Amazon Key & Ring: launched in October 2017 for Prime members, AMZN Key is a service that allows couriers and other individuals whom you permission (friends and family members for example) to unlock your door and access the home. Amazon cameras record visitors while they are in the home (more intelligent data for the cloud). Amazon’s acquisition of Ring last week is another piece to the home delivery/ home security ecosystem. Key and Ring help close the retail circuit by extending AMZN’s footprint into the last mile of the retail transaction – home delivery.
Amazon Video: Amazon is investing both in original content production, live sports (NFL, UFC) and offering “channels” in conjunction with networks such as HBO. Prime members enjoy exclusive content for “free”. The company is expected to invest approximately $5 billion during 2018 in video content. We believe that in the end whomever owns Disney and its content libraries will be the clear global content leader. We advocate a position where Amazon, Apple, Facebook, Google and Microsoft all make a run at Disney. Apple has the edge in our view given that Disney CEO Bob Iger has a history with Apple that dates back to his friendship with the late great Steve Jobs.

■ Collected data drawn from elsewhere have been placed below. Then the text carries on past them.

(* Let $G=(V,E)$ be a connected graph with $n$ vertices, let $\mathscr{S}$ be a block system for $G$ with $V\notin\mathscr{S}$, and let $\psi$ be a probability distribution on $\mathscr{S}$ such that $\psi(v)>0$ for every $v\in V$. Fix $\lambda>1$. If $$q\ge(2s)^{s+1}\,\partial^+\,\Psi\,\lambda^{\mu^+},$$ then for every $\varepsilon>0$ the $(\mathscr{S},\psi)$-block dynamics satisfies $\tau(\mathcal{M}_{\mathrm{BD}}^{\mathscr{S},\psi}(G,\lambda,q),\varepsilon)\le 2\psi_{\min}^{-1}\log(n\varepsilon^{-1})$.
   Context: Potts model on $G=(V,E)$: configurations $\sigma\in\Omega=[q]^V$, $\mu(\sigma)$ = number of monochromatic edges, Gibbs distribution $\pi(\sigma)\propto\lambda^{\mu(\sigma)}$. $\tau(\mathcal{M},\varepsilon)=\max_x\min\{t:\|P^t(x,\cdot)-\pi\|_{TV}\le\varepsilon\}$. A block system for $G$ is a collection $\mathscr{S}$ of subsets of $V$ (blocks) whose union is $V$. For $S\subseteq V$, $X\in\Omega$ and $c\in[q]^S$, $X^{(S,c)}$ is the configuration equal to $c$ on $S$ and to $X$ off $S$; $\mu_{X,S}(c)$ is the number of monochromatic edges of $X^{(S,c)}$ incident with at least one vertex of $S$. Given a distribution $\psi$ on $\mathscr{S}$, the $(\mathscr{S},\psi)$-block dynamics $\mathcal{M}_{\mathrm{BD}}^{\mathscr{S},\psi}(G,\lambda,q)$ is the chain on $\Omega$ which from $X_t$ picks $S\in\mathscr{S}$ according to $\psi$, picks $c\in[q]^S$ with probability proportional to $\lambda^{\mu_{X_t,S}(c)}$, and moves to $X_t^{(S,c)}$. Parameters: $\partial S$ is the set of vertices of $V\setminus S$ having a neighbour in $S$; $s=\max_{S\in\mathscr{S}}|S|$; $\partial^+=\max_{S\in\mathscr{S}}|\partial S|^{\min\{|S|,|\partial S|\}}$; for a $\psi$-random block $\vec S$, $\psi(v)=\mathbb{P}(v\in\vec S)$, $\psi_\partial(v)=\mathbb{P}(v\in\partial\vec S)$, $\psi_{\min}=\min_v\psi(v)$, $\Psi=\max_{v\in V}\psi_\partial(v)/\psi(v)$. A colour used by $c\in[q]^S$ is free with respect to $X,S$ if it does not occur among $\{X(u):u\in\partial S\}$; $f(X,S,c)$ is the number of free colours used by $c$. For an integer $f\ge0$, $\mu^+_{X,S,f}=\max\{\mu_{X,S}(c)/(|S|-f): c\in[q]^S,\ f(X,S,c)=f\}$ (a maximum over the empty set is $0$), and $\mu^+=\max_{S\in\mathscr{S}}\max_{X\in\Omega}\max_{f\in\{0,\dots,|S|-1\}}\mu^+_{X,S,f}$. *)

theory Defs
  imports Complex_Main "HOL-Library.FuncSet"
begin
lemma complete_quotient_dfa:
  assumes "right_congruence S E" and "L \<subseteq> lists S" and "finite (lists S // E)"
  shows "complete_dfa S (quotient_dfa S E L)"
proof -
  have E: "equiv (lists S) E" using assms(1) by (simp add: right_congruence_def)
  have "dtrans (quotient_dfa S E L) C a \<in> lists S // E" if "C \<in> lists S // E" "a \<in> S" for C a
  proof -
    have "(SOME u. u \<in> C) \<in> C"
      using E that(1) by (metis in_quotient_imp_non_empty some_in_eq)
    then have "(SOME u. u \<in> C) \<in> lists S" using E that(1) in_quotient_imp_subset by blast
    then show ?thesis using that(2) by (simp add: quotient_dfa_def quotientI)
  qed
  moreover have "(\<lambda>u. E `` {u}) ` L \<subseteq> lists S // E" using assms(2) by (auto intro: quotientI)
  ultimately show ?thesis using assms(3) by (auto simp: complete_dfa_def quotient_dfa_def quotientI)
qed

lemma dlang_quotient_dfa:
  assumes "right_congruence S E" and "L \<subseteq> lists S" and "E `` L \<subseteq> L"
  shows "dlang S (quotient_dfa S E L) = L"
proof -
  have E: "equiv (lists S) E" using assms(1) by (simp add: right_congruence_def)
  have "E `` {w} \<in> (\<lambda>u. E `` {u}) ` L \<longleftrightarrow> w \<in> L" if w: "w \<in> lists S" for w
  proof
    assume "E `` {w} \<in> (\<lambda>u. E `` {u}) ` L"
    then obtain u where "u \<in> L" "E `` {u} = E `` {w}" by auto
    then have "(u, w) \<in> E" using E w by (metis eq_equiv_class)
    then show "w \<in> L" using \<open>u \<in> L\<close> assms(3) by blast
  qed auto
  then have "w \<in> dlang S (quotient_dfa S E L) \<longleftrightarrow> w \<in> L" for w
    using assms(2) foldl_quotient_dfa[OF assms(1), of w L] unfolding dlang_def
    by (cases "w \<in> lists S") (auto simp: quotient_dfa_def)
  then show ?thesis by blast
qed
(* Let $v:\mathbb{R}\times\mathscr{Z}_s\to\mathscr{Z}_{-\sigma}$ be a Borel vector field which is bounded on bounded sets, let $I$ be a bounded open interval and $t_0\in I$. Assume there exist a Borel set $\mathcal{A}\subset\mathscr{Z}_s$ and a Borel map $\phi:\bar I\times\mathcal{A}\to\mathscr{Z}_s$, bounded on bounded sets, such that for every $x\in\mathcal{A}$ the curve $t\in\bar I\mapsto\phi(t,x)$ is a weak solution of $\dot u=v(t,u)$ with $\phi(t_0,x)=x$. Then for every Borel probability measure $\nu$ on $\mathscr{Z}_s$ concentrated on $\mathcal{A}$ and on a bounded subset of $\mathscr{Z}_s$, the curve $\mu_t:=\phi(t,\cdot)_\sharp\nu$, $t\in I$, solves the Liouville equation on $I$, satisfies $\mu_{t_0}=\nu$, and $t\mapsto\mu_t$ is strongly narrowly continuous in the Borel probability measures on $\mathscr{Z}_{-\sigma}$.
   Context: Let $\mathscr{Z}_0$ be a separable complex Hilbert space, $A$ self-adjoint with $A\ge c\,1$, $c>0$; $\mathscr{Z}_\tau$ is the completion of $D(A^{\tau/2})$ for $\langle A^{\tau/2}\cdot,A^{\tau/2}\cdot\rangle_{\mathscr{Z}_0}$; fix $0\le s\le\sigma$, so $\mathscr{Z}_s\subset\mathscr{Z}_0\subset\mathscr{Z}_{-\sigma}$. Weak solution on $I$: $u\in L^\infty(I,\mathscr{Z}_s)\cap W^{1,\infty}(I,\mathscr{Z}_{-\sigma})$ with $\dot u(t)=v(t,u(t))$ for a.e. $t\in I$. Liouville equation on $I$: $\int_I\int_{\mathscr{Z}_{-\sigma}}(\partial_t\varphi+\mathrm{Re}\langle v(t,x),\nabla\varphi(t,x)\rangle_{\mathscr{Z}_{-\sigma}})d\mu_t dt=0$ for all $\varphi(t,x)=\psi(t,\pi(x))$ with $\psi\in C_0^\infty(I\times\mathbb{R}^n)$, $\pi(x)=(\mathrm{Re}\langle x,e_i\rangle_{\mathscr{Z}_{-\sigma}})_{i=1}^n$ for an orthonormal family $(e_i)$ of the real Hilbert space $(\mathscr{Z}_{-\sigma},\mathrm{Re}\langle\cdot,\cdot\rangle_{\mathscr{Z}_{-\sigma}})$, $\nabla$ the real gradient. Strong narrow continuity means $t\mapsto\int f\,d\mu_t$ continuous for every bounded norm-continuous $f$ on $\mathscr{Z}_{-\sigma}$. *)

theory Defs
  imports "HOL-Probability.Probability"
begin

text \<open>Essentially bounded, (strongly) measurable functions on an interval J
  (the space L-infinity(J, X) for a separable Banach space X), pointwise representatives.\<close>
definition Linfty_on :: "real set \<Rightarrow> (real \<Rightarrow> 'x::real_normed_vector) \<Rightarrow> bool" where
  "Linfty_on J u \<longleftrightarrow> u \<in> borel_measurable (restrict_space lebesgue J) \<and>
     (\<exists>M. AE t in lebesgue. t \<in> J \<longrightarrow> norm (u t) \<le> M)"

text \<open>Weak solution on the interval J of  u' = v(t,u), where iota embeds Z_s into Z_{-sigma}:
  u is in L-infinity(J,Z_s); iota o u is in W^{1,infty}(J,Z_{-sigma}) (we use the continuous
  representative), i.e. iota o u is the primitive of some w in L-infinity(J,Z_{-sigma})
  (its weak derivative); and w(t) = v(t,u(t)) for a.e. t in J.\<close>
definition weak_solution ::
  "('a::real_normed_vector \<Rightarrow> 'b::real_normed_vector) \<Rightarrow> (real \<Rightarrow> 'a \<Rightarrow> 'b) \<Rightarrow> real set
     \<Rightarrow> (real \<Rightarrow> 'a) \<Rightarrow> bool"
  where "weak_solution \<iota> v J u \<longleftrightarrow>
    Linfty_on J u \<and>
    (\<exists>w. Linfty_on J w \<and>
         (\<forall>s\<in>J. \<forall>t\<in>J. s \<le> t \<longrightarrow> (w has_integral (\<iota> (u t) - \<iota> (u s))) {s..t}) \<and>
         (AE t in lebesgue. t \<in> J \<longrightarrow> w t = v t (u t)))"

fun Ck :: "nat \<Rightarrow> ('e::euclidean_space \<Rightarrow> real) \<Rightarrow> bool" where
  "Ck 0 f \<longleftrightarrow> continuous_on UNIV f"
| "Ck (Suc k) f \<longleftrightarrow> (\<forall>x. f differentiable (at x)) \<and>
      (\<forall>i\<in>Basis. Ck k (\<lambda>x. frechet_derivative f (at x) i))"

definition smooth_fun :: "('e::euclidean_space \<Rightarrow> real) \<Rightarrow> bool" where
  "smooth_fun f \<longleftrightarrow> (\<forall>k. Ck k f)"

Whole Foods (acquired)/AmazonFresh: Amazon recently announced that it is merging its PrimeNow and AmazonFresh services. The Whole Foods acquisition will provide Amazon with a treasure trove of offline customer point-of-sale data. Further, expect Amazon to leverage Whole Foods to attract more Prime subscribers while putting the hurt to the grocery food store industry. From an operational standpoint Amazon is already leveraging some of the inventory management expertise it has developed over the years in its warehouse operations.
Amazon’s 3rd Ring
The opportunity here is for AMZN to deliver goods and services to the home/consumer with increasing efficiency. “Efficiency” means at lower cost (drones/ Amazon Prime Air and self-service via Amazon Lockers) while increasing the number of customer touch points (Amazon Key couriers may leave Ads/coupons etc.). In terms of what may come – an Amazon rideshare service could make sense given Amazon’s entrenched customer relationships, built-in trust factor and focus on delivery. When autonomous vehicles are not deployed on deliveries they may be deployed in the field moving passengers from point A to B. Until then, Amazon will continue to swallow industries – until its inevitable break-up.